*** Begin section ***

lemma markov_term_le:
  fixes a p q H l t :: real and K :: nat
  assumes a: "0 \<le> a" and p: "0 < p" and H: "1 \<le> H" and l: "0 < l"
    and K: "real K \<le> 2 * sqrt H / p" and ratio: "1 \<le> sqrt H / p"
    and q: "0 \<le> q" "q \<le> 2 * p" and t: "4/9 * l / p < t" and Hp: "H^2 \<le> 1 / p"
  shows "(2 * real K + 1) * K * H * (a + 3 * (l / H^3) * q) / t \<le> 45/2 * (a / (l * p^2) + 6 / H)"
proof -
  have "(2 * real K + 1) * K \<le> (5 * sqrt H / p) * (2 * sqrt H / p)"
    using K ratio by (intro mult_mono) auto
  also have "\<dots> = 10 * H / p^2"
    using H by (simp add: power2_eq_square field_simps)
  finally have KK: "(2 * real K + 1) * K \<le> 10 * H / p^2" .
  have "3 * (l / H^3) * q \<le> 3 * (l / H^3) * (2 * p)"
    using q(2) l H by (intro mult_left_mono) auto
  then have aq: "a + 3 * (l / H^3) * q \<le> a + 6 * l * p / H^3" by simp
  have "0 < 4/9 * l / p" using p l by simp
  with t have "0 < t" by linarith
  then have t_inv: "1 / t \<le> 9 * p / (4 * l)"
    using t p l by (simp add: field_simps)
  have "(2 * real K + 1) * K * H * (a + 3 * (l / H^3) * q) \<le> (10 * H / p^2) * H * (a + 6 * l * p / H^3)"
    using KK aq H a p q(1) l by (intro mult_mono) auto
  then have "(2 * real K + 1) * K * H * (a + 3 * (l / H^3) * q) / t
      \<le> (10 * H / p^2) * H * (a + 6 * l * p / H^3) / t"
    using less_imp_le[OF \<open>0 < t\<close>] by (rule divide_right_mono)
  also have "\<dots> \<le> (10 * H / p^2) * H * (a + 6 * l * p / H^3) * (9 * p / (4 * l))"
    using mult_left_mono[OF t_inv, of "(10 * H / p^2) * H * (a + 6 * l * p / H^3)"] H p l a
    by simp
  also have "\<dots> = 45/2 * (H^2 * a / (p * l) + 6 / H)"
    using H p l by (simp add: field_simps power2_eq_square power3_eq_cube)
  also have "\<dots> \<le> 45/2 * (a / (l * p^2) + 6 / H)"
  proof -
    have "H^2 * a / (p * l) \<le> (1 / p) * a / (p * l)"
      using Hp a p l by (intro divide_right_mono mult_right_mono) auto
    also have "\<dots> = a / (l * p^2)" by (simp add: power2_eq_square)
    finally show ?thesis by simp
  qed
  finally show ?thesis .
qed

lemma failure_terms_le:
  fixes a p q H l t :: real and K :: nat
  assumes a: "0 \<le> a" and p: "0 < p" "p \<le> 1" and H: "4 \<le> H" and l: "0 < l"
    and K: "K = nat \<lceil>sqrt H / p\<rceil>"
    and q: "0 \<le> q" "q - p \<le> p / (H - 1)" "q \<le> 2 * p"
    and t: "4/9 * l / p < t" and Hp: "H^2 \<le> 1 / p"
  shows "2 * (1 - p) ^ K + (2 * real K + 1) * (q - p) + (2 * real K + 1) * K * H * (a + 3 * (l / H^3) * q) / t
    \<le> 2 * exp (- sqrt H) + (2 * sqrt H + 3) / (H - 1) + 45/2 * (a / (l * p^2) + 6 / H)"
proof -
  have "2 \<le> sqrt H" using H real_sqrt_le_mono[of 4 H] by simp
  then have ratio: "1 \<le> sqrt H / p" using p by (simp add: field_simps)
  have K_ge: "sqrt H / p \<le> real K" and K_le: "real K \<le> sqrt H / p + 1"
    using ratio unfolding K by linarith+
  have "(1 - p) ^ K \<le> exp (- p * K)" using p by (intro one_minus_power_le_exp) auto
  also have "\<dots> \<le> exp (- sqrt H)" using K_ge p by (simp add: field_simps)
  finally have first: "(1 - p) ^ K \<le> exp (- sqrt H)" .
  have "(2 * real K + 1) * (q - p) \<le> (2 * real K + 1) * p / (H - 1)"
    using mult_left_mono[OF q(2), of "2 * real K + 1"] by simp
  also have "\<dots> \<le> (2 * (sqrt H / p + 1) + 1) * p / (H - 1)"
    using K_le p H by (intro divide_right_mono mult_right_mono) auto
  also have "\<dots> \<le> (2 * sqrt H + 3) / (H - 1)"
    using p H by (intro divide_right_mono) (auto simp: field_simps)
  finally have second: "(2 * real K + 1) * (q - p) \<le> (2 * sqrt H + 3) / (H - 1)" .
  have "real K \<le> 2 * sqrt H / p" using K_le ratio by simp
  then have "(2 * real K + 1) * K * H * (a + 3 * (l / H^3) * q) / t \<le> 45/2 * (a / (l * p^2) + 6 / H)"
    using a p H l ratio q t Hp by (intro markov_term_le) auto
  then show ?thesis using first second by linarith
qed

lemma window_sum_times_radius_less:
  fixes s :: "int \<Rightarrow> real" and K :: nat and l y c :: real
  assumes right: "\<exists>n\<in>{1..K}. s (int n) > l"
    and left: "\<exists>n\<in>{0..K}. s (- int n) > l"
    and pos: "\<forall>z\<in>{-int K..int K}. s z > 0"
    and gap: "\<forall>z\<in>{-int K..int K}. \<not> (y < s z \<and> s z \<le> l)"
    and small: "(\<Sum>z\<in>{-int K..int K}. (if 0 \<le> s z \<and> s z \<le> y then s z else 0)) * K < c"
  shows "(\<Sum>z\<in>{- int (LEAST n::nat. s (- int n) > l) <..< int (LEAST n::nat. n \<ge> 1 \<and> s (int n) > l)}. s z)
          * real_of_int (max \<bar>int (LEAST n::nat. n \<ge> 1 \<and> s (int n) > l)\<bar> \<bar>- int (LEAST n::nat. s (- int n) > l)\<bar>) < c"
proof -
  define n0 where "n0 = (LEAST n::nat. n \<ge> 1 \<and> s (int n) > l)"
  define m0 where "m0 = (LEAST n::nat. s (- int n) > l)"
  obtain a where a: "a \<in> {1..K}" "s (int a) > l" using right by auto
  obtain b where b: "b \<in> {0..K}" "s (- int b) > l" using left by auto
  have "n0 \<le> a" unfolding n0_def by (rule Least_le) (use a in auto)
  then have n0K: "n0 \<le> K" using a by auto
  have "m0 \<le> b" unfolding m0_def by (rule Least_le) (use b in auto)
  then have m0K: "m0 \<le> K" using b by auto
  define f where "f = (\<lambda>x. if 0 \<le> x \<and> x \<le> y then x else (0::real))"
  have window: "{- int m0 <..< int n0} \<subseteq> {-int K..int K}" using n0K m0K by auto
  have inner: "s z \<le> l" if "z \<in> {- int m0 <..< int n0}" for z
  proof (cases "z \<ge> 1")
    case True
    then have "nat z < n0" using that by auto
    then have "\<not> (nat z \<ge> 1 \<and> s (int (nat z)) > l)" unfolding n0_def by (rule not_less_Least)
    then show ?thesis using True by auto
  next
    case False
    then have "nat (-z) < m0" using that by auto
    then have "\<not> (s (- int (nat (-z))) > l)" unfolding m0_def by (rule not_less_Least)
    then show ?thesis using False by auto
  qed
  have "s z = f (s z)" if "z \<in> {- int m0 <..< int n0}" for z
    using inner[OF that] gap pos window that unfolding f_def by force
  then have "(\<Sum>z\<in>{- int m0 <..< int n0}. s z) = (\<Sum>z\<in>{- int m0 <..< int n0}. f (s z))"
    by (intro sum.cong) auto
  also have "\<dots> \<le> (\<Sum>z\<in>{-int K..int K}. f (s z))"
    by (rule sum_mono2[OF _ window]) (auto simp: f_def)
  finally have sum_le: "(\<Sum>z\<in>{- int m0 <..< int n0}. s z) \<le> (\<Sum>z\<in>{-int K..int K}. f (s z))" .
  have "0 \<le> (\<Sum>z\<in>{- int m0 <..< int n0}. s z)"
    using pos window by (intro sum_nonneg) (auto simp: less_imp_le)
  moreover have "real_of_int (max \<bar>int n0\<bar> \<bar>- int m0\<bar>) \<le> real K" using n0K m0K by auto
  ultimately have "(\<Sum>z\<in>{- int m0 <..< int n0}. s z) * real_of_int (max \<bar>int n0\<bar> \<bar>- int m0\<bar>)
     \<le> (\<Sum>z\<in>{-int K..int K}. f (s z)) * real K"
    using sum_le by (intro mult_mono') auto
  also have "\<dots> < c" using small unfolding f_def by simp
  finally show ?thesis unfolding n0_def m0_def .
qed

definition truncated :: "real \<Rightarrow> real \<Rightarrow> real" where
  "truncated y s = (if 0 \<le> s \<and> s \<le> y then s else 0)"

lemma truncated_nonneg: "0 \<le> truncated y s"
  by (simp add: truncated_def)

lemma truncated_le_dyadic_sum:
  fixes a y s :: real
  assumes a: "0 < a" and N: "y \<le> a * 2^N"
  shows "truncated y s \<le> a + (\<Sum>j<N. (if a \<le> y/2^j then y/2^j else 0) * indicator {y/2^Suc j<..} s)"
proof -
  let ?c = "\<lambda>j. (if a \<le> y/2^j then y/2^j else 0) * indicator {y/2^Suc j<..} s"
  have c0: "0 \<le> ?c j" for j using a by (auto simp: indicator_def)
  then have sum0: "0 \<le> (\<Sum>j<N. ?c j)" by (intro sum_nonneg) auto
  show ?thesis
  proof (cases "0 \<le> s \<and> s \<le> y \<and> a < s")
    case False
    then have "truncated y s \<le> a" using a by (auto simp: truncated_def)
    then show ?thesis using sum0 by linarith
  next
    case True
    then have s: "0 \<le> s" "s \<le> y" "a < s" by auto
    have "y / 2^Suc N \<le> a * 2^N / 2^Suc N" using N by (intro divide_right_mono) auto
    also have "\<dots> = a / 2" by simp
    finally have exN: "s > y / 2^Suc N" using s a by linarith
    define j0 where "j0 = (LEAST j. s > y / 2^Suc j)"
    have j0: "s > y / 2^Suc j0" unfolding j0_def by (rule LeastI[of _ N]) (rule exN)
    have "j0 \<le> N" unfolding j0_def by (rule Least_le) (rule exN)
    have s_le: "s \<le> y / 2^j0"
    proof (cases j0)
      case (Suc k)
      then have "\<not> s > y / 2^Suc k" unfolding j0_def using not_less_Least[of k "\<lambda>j. s > y / 2^Suc j"]
        by (simp add: j0_def)
      then show ?thesis using Suc by simp
    qed (use s in simp)
    have "j0 \<noteq> N"
    proof
      assume "j0 = N"
      then have "s \<le> y / 2^N" using s_le by simp
      also have "\<dots> \<le> a" using N by (simp add: field_simps)
      finally show False using s by simp
    qed
    with \<open>j0 \<le> N\<close> have "j0 < N" by simp
    have "s \<le> ?c j0" using j0 s_le s by (auto simp: indicator_def)
    also have "\<dots> \<le> (\<Sum>j<N. ?c j)" by (rule member_le_sum) (use c0 \<open>j0 < N\<close> in auto)
    finally show ?thesis using s a by (simp add: truncated_def)
  qed
qed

*** End section ***

| Task prompt |
Across all the records, find the lines containing the word "that" and reproduce each one.

| Response area |
    then have "nat z < n0" using that by auto
    then have "nat (-z) < m0" using that by auto
    using inner[OF that] gap pos window that unfolding f_def by force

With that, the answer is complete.